What the exercise asks = Repeat only the stretch of lines below that runs from the line with "theory Defs" through the line with "(\<forall>x\<in>X. \<forall>y\<in>X. \<forall>z\<in>X.", unaltered.

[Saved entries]
==================================================
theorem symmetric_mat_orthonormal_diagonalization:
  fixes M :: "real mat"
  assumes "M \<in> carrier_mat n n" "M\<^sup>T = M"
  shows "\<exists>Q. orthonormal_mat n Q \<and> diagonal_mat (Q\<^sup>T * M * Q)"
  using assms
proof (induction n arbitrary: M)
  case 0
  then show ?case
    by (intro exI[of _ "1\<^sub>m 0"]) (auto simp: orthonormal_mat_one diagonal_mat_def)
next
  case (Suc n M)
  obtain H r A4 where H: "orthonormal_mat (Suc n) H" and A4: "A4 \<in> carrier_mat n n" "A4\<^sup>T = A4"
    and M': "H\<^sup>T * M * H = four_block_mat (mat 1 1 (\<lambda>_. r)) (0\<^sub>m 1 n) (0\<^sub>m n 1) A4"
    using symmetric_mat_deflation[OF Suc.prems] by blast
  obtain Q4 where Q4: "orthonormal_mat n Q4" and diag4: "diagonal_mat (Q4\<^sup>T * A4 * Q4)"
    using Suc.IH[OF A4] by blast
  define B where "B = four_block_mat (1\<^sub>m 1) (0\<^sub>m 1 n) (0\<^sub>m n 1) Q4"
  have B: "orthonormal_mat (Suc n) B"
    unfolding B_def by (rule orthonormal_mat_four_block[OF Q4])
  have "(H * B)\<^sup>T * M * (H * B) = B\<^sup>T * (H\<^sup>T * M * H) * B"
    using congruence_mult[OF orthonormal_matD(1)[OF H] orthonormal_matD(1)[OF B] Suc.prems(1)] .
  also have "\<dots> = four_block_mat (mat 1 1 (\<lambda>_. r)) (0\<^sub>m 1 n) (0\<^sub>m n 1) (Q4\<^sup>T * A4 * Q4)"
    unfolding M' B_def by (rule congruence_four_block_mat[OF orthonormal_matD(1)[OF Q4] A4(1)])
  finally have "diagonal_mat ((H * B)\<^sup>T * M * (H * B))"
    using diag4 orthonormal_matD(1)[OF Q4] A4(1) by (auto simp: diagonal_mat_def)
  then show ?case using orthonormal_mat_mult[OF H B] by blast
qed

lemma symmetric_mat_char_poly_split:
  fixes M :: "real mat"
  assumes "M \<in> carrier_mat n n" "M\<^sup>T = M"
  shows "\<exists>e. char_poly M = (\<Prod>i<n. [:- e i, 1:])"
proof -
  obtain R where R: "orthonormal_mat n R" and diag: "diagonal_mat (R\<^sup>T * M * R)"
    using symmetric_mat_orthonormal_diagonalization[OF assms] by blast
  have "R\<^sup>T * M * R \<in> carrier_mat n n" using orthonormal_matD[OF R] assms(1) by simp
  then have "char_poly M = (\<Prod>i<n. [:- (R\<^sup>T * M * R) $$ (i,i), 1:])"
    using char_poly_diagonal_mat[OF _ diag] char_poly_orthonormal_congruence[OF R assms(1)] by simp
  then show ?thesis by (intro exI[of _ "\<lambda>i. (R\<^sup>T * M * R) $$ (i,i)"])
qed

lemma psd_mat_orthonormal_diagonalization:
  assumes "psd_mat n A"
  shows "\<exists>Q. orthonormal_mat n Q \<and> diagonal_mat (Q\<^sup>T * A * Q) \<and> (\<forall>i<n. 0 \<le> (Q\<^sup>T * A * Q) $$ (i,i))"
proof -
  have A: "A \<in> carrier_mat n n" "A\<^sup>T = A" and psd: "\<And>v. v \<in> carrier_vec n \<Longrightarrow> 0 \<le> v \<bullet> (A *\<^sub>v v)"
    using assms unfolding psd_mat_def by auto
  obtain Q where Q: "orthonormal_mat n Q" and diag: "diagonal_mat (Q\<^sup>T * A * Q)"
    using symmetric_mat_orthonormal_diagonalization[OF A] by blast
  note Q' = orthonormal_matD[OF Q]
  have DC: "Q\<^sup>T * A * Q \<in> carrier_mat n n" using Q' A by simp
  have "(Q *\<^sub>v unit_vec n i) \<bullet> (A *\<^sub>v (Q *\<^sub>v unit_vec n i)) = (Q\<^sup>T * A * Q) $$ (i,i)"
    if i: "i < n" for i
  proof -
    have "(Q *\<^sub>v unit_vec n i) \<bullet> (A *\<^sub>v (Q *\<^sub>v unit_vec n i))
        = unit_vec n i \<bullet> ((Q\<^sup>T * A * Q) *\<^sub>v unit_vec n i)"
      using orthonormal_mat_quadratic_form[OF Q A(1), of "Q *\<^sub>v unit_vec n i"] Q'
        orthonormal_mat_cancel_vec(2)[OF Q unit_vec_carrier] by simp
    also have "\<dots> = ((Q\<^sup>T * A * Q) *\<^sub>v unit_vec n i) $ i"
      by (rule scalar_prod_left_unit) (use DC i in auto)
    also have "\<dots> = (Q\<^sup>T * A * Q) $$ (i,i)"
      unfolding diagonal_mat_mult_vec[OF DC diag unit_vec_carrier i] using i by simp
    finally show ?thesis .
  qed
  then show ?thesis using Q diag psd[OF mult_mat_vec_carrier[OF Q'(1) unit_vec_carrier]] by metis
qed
==================================================
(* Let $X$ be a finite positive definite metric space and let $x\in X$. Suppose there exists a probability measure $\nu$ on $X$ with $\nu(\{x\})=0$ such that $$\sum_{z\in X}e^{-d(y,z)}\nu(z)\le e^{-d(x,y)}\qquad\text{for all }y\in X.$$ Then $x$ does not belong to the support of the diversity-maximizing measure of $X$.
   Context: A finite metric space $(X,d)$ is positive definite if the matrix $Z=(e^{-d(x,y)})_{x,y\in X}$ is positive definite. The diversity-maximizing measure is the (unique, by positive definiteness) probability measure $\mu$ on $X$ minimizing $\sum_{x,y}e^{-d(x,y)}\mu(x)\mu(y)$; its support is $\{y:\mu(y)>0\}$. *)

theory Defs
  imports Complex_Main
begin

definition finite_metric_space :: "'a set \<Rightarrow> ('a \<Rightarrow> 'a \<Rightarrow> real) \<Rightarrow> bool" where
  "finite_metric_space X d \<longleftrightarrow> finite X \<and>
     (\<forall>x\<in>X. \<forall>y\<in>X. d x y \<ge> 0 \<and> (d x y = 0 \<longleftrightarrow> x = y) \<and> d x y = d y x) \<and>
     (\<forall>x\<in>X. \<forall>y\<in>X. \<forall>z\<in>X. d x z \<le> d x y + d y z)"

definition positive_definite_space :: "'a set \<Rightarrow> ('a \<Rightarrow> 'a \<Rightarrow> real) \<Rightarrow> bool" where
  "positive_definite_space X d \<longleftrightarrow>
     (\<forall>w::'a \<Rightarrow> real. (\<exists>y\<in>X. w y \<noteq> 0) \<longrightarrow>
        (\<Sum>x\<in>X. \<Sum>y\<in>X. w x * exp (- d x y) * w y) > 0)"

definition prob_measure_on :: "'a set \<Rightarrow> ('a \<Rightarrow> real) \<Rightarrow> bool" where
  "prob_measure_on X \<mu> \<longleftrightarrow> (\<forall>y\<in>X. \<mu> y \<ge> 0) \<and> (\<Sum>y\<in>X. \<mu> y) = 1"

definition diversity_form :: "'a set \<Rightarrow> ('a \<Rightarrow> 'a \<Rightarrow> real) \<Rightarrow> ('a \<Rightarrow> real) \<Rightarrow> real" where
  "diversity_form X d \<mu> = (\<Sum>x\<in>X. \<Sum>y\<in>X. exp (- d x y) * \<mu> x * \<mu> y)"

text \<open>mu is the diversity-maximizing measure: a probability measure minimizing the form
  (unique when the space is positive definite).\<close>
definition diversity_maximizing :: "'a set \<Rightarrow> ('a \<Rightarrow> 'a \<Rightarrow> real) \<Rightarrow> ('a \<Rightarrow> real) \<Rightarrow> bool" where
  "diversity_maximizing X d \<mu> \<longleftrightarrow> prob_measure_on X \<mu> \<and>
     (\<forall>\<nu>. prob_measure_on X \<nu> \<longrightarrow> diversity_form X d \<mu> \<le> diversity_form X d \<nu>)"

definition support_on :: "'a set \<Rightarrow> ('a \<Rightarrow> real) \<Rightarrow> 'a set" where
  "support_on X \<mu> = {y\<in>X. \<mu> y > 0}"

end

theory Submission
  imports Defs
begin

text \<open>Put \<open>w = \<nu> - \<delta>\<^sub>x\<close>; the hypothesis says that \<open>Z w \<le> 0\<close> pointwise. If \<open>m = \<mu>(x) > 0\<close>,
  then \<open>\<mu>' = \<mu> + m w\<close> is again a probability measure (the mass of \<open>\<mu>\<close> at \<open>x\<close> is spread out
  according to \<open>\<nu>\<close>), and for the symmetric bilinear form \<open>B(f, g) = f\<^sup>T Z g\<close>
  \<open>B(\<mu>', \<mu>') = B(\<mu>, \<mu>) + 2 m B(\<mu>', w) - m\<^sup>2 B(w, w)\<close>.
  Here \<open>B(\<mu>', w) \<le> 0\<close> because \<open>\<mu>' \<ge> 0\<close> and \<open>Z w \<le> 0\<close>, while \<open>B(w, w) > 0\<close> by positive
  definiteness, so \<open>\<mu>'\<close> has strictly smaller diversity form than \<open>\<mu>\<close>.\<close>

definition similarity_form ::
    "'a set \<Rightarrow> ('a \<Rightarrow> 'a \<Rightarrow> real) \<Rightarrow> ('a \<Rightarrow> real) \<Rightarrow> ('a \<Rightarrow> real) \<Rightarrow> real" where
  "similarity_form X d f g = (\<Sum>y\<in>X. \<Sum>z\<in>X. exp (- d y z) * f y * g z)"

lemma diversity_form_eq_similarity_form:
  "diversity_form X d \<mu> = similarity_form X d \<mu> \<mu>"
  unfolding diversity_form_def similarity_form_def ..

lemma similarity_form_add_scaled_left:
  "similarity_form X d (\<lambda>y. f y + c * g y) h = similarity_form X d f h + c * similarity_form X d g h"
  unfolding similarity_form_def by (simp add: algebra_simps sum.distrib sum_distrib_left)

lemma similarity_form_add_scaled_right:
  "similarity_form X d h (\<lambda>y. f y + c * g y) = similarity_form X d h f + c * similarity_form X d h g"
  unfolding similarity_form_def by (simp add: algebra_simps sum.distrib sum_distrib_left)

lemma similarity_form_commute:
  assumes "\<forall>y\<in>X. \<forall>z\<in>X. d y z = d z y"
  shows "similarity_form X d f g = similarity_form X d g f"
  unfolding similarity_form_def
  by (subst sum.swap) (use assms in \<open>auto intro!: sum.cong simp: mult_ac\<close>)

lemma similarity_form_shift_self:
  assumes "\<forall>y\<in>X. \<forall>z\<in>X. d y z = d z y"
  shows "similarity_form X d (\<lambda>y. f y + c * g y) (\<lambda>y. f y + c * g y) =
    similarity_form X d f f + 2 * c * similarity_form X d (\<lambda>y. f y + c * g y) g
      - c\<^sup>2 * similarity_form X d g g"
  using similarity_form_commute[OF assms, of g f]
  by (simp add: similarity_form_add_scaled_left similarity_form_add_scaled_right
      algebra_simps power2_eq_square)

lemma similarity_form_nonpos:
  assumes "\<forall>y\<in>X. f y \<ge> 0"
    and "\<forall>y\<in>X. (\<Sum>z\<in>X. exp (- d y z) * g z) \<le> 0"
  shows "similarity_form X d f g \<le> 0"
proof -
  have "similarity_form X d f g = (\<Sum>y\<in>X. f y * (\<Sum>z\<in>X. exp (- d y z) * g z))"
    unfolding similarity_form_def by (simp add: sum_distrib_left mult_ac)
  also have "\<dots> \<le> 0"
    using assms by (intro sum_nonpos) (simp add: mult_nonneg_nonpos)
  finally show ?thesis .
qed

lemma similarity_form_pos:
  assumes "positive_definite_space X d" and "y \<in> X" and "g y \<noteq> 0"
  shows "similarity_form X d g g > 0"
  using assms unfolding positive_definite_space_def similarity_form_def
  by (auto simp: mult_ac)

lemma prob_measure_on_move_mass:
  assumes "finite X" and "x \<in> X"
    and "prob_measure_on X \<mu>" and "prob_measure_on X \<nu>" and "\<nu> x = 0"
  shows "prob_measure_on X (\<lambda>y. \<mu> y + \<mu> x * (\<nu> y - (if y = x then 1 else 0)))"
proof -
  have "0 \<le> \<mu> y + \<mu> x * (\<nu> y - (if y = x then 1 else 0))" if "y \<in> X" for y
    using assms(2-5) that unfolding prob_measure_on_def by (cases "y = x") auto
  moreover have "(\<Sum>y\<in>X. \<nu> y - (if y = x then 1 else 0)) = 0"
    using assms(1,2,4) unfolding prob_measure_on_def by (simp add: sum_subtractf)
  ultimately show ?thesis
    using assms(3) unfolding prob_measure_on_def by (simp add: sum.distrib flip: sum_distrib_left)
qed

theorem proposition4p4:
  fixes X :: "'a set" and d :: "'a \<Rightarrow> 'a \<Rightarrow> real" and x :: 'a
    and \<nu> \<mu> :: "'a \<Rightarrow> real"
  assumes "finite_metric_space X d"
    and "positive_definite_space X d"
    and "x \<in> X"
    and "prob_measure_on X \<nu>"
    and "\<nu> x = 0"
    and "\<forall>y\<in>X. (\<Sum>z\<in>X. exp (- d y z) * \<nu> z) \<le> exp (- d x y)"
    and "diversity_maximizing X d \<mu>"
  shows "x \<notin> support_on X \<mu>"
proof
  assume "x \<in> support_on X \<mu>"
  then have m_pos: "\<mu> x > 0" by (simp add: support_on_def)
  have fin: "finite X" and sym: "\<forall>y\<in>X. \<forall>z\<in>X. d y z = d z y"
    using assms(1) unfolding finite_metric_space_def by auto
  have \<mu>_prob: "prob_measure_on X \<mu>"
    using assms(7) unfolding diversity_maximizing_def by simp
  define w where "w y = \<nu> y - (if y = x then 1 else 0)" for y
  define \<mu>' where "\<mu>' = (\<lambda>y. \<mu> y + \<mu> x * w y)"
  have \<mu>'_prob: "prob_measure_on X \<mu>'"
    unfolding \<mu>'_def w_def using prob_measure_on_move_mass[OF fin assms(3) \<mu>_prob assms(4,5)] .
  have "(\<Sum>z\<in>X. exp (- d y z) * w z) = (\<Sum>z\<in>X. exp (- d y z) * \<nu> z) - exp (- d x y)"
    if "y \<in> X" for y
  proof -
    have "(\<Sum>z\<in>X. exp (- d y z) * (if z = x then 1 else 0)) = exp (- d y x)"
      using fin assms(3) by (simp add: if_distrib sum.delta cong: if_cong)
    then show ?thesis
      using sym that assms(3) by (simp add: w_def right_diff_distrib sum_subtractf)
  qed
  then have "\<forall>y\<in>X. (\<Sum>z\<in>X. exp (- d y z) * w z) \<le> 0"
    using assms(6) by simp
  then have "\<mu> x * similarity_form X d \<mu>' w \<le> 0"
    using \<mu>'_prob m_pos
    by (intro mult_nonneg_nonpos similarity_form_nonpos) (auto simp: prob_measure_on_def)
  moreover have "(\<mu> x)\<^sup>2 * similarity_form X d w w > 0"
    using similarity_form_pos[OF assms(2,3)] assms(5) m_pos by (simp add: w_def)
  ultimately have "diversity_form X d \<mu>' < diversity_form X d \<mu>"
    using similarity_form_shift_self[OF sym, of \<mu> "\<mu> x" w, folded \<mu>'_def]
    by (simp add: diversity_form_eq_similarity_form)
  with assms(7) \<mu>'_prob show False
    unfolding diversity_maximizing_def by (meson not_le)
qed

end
==================================================
Response to the task =
theory Defs
  imports Complex_Main
begin

definition finite_metric_space :: "'a set \<Rightarrow> ('a \<Rightarrow> 'a \<Rightarrow> real) \<Rightarrow> bool" where
  "finite_metric_space X d \<longleftrightarrow> finite X \<and>
     (\<forall>x\<in>X. \<forall>y\<in>X. d x y \<ge> 0 \<and> (d x y = 0 \<longleftrightarrow> x = y) \<and> d x y = d y x) \<and>
     (\<forall>x\<in>X. \<forall>y\<in>X. \<forall>z\<in>X. d x z \<le> d x y + d y z)"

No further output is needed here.